Saved entries

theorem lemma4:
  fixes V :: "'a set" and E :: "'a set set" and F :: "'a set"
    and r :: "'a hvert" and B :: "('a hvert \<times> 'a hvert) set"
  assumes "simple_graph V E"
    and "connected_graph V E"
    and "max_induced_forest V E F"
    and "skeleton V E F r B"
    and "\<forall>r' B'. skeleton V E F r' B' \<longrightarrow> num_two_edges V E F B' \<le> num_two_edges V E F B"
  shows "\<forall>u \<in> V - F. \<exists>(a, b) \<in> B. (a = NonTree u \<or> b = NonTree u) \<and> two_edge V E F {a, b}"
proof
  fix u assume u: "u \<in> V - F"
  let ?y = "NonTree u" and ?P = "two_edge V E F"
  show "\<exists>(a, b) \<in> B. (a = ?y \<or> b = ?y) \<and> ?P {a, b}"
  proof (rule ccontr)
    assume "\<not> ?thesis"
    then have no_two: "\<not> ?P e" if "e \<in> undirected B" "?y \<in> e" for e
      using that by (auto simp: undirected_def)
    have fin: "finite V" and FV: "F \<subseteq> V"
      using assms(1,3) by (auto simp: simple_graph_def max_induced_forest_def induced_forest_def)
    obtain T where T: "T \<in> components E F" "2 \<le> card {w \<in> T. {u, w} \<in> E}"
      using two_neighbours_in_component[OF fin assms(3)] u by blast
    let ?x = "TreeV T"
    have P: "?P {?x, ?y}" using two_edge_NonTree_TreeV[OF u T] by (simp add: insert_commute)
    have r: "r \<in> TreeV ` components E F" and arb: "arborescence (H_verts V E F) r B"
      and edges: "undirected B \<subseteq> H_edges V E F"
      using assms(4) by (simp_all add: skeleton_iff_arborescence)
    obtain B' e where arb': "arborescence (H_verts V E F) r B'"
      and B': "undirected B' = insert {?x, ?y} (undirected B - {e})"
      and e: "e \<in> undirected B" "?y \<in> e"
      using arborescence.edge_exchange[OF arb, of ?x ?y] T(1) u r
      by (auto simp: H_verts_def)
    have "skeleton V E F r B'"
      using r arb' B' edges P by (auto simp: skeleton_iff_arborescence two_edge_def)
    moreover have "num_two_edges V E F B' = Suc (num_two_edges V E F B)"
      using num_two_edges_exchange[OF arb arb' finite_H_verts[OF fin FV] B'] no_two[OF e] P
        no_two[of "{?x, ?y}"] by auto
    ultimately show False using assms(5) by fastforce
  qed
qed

**The task**
Each entry above must be repeated word for word.

**Answer to this problem**
theorem lemma4:
  fixes V :: "'a set" and E :: "'a set set" and F :: "'a set"
    and r :: "'a hvert" and B :: "('a hvert \<times> 'a hvert) set"
  assumes "simple_graph V E"
    and "connected_graph V E"
    and "max_induced_forest V E F"
    and "skeleton V E F r B"
    and "\<forall>r' B'. skeleton V E F r' B' \<longrightarrow> num_two_edges V E F B' \<le> num_two_edges V E F B"
  shows "\<forall>u \<in> V - F. \<exists>(a, b) \<in> B. (a = NonTree u \<or> b = NonTree u) \<and> two_edge V E F {a, b}"
proof
  fix u assume u: "u \<in> V - F"
  let ?y = "NonTree u" and ?P = "two_edge V E F"
  show "\<exists>(a, b) \<in> B. (a = ?y \<or> b = ?y) \<and> ?P {a, b}"
  proof (rule ccontr)
    assume "\<not> ?thesis"
    then have no_two: "\<not> ?P e" if "e \<in> undirected B" "?y \<in> e" for e
      using that by (auto simp: undirected_def)
    have fin: "finite V" and FV: "F \<subseteq> V"
      using assms(1,3) by (auto simp: simple_graph_def max_induced_forest_def induced_forest_def)
    obtain T where T: "T \<in> components E F" "2 \<le> card {w \<in> T. {u, w} \<in> E}"
      using two_neighbours_in_component[OF fin assms(3)] u by blast
    let ?x = "TreeV T"
    have P: "?P {?x, ?y}" using two_edge_NonTree_TreeV[OF u T] by (simp add: insert_commute)
    have r: "r \<in> TreeV ` components E F" and arb: "arborescence (H_verts V E F) r B"
      and edges: "undirected B \<subseteq> H_edges V E F"
      using assms(4) by (simp_all add: skeleton_iff_arborescence)
    obtain B' e where arb': "arborescence (H_verts V E F) r B'"
      and B': "undirected B' = insert {?x, ?y} (undirected B - {e})"
      and e: "e \<in> undirected B" "?y \<in> e"
      using arborescence.edge_exchange[OF arb, of ?x ?y] T(1) u r
      by (auto simp: H_verts_def)
    have "skeleton V E F r B'"
      using r arb' B' edges P by (auto simp: skeleton_iff_arborescence two_edge_def)
    moreover have "num_two_edges V E F B' = Suc (num_two_edges V E F B)"
      using num_two_edges_exchange[OF arb arb' finite_H_verts[OF fin FV] B'] no_two[OF e] P
        no_two[of "{?x, ?y}"] by auto
    ultimately show False using assms(5) by fastforce
  qed
qed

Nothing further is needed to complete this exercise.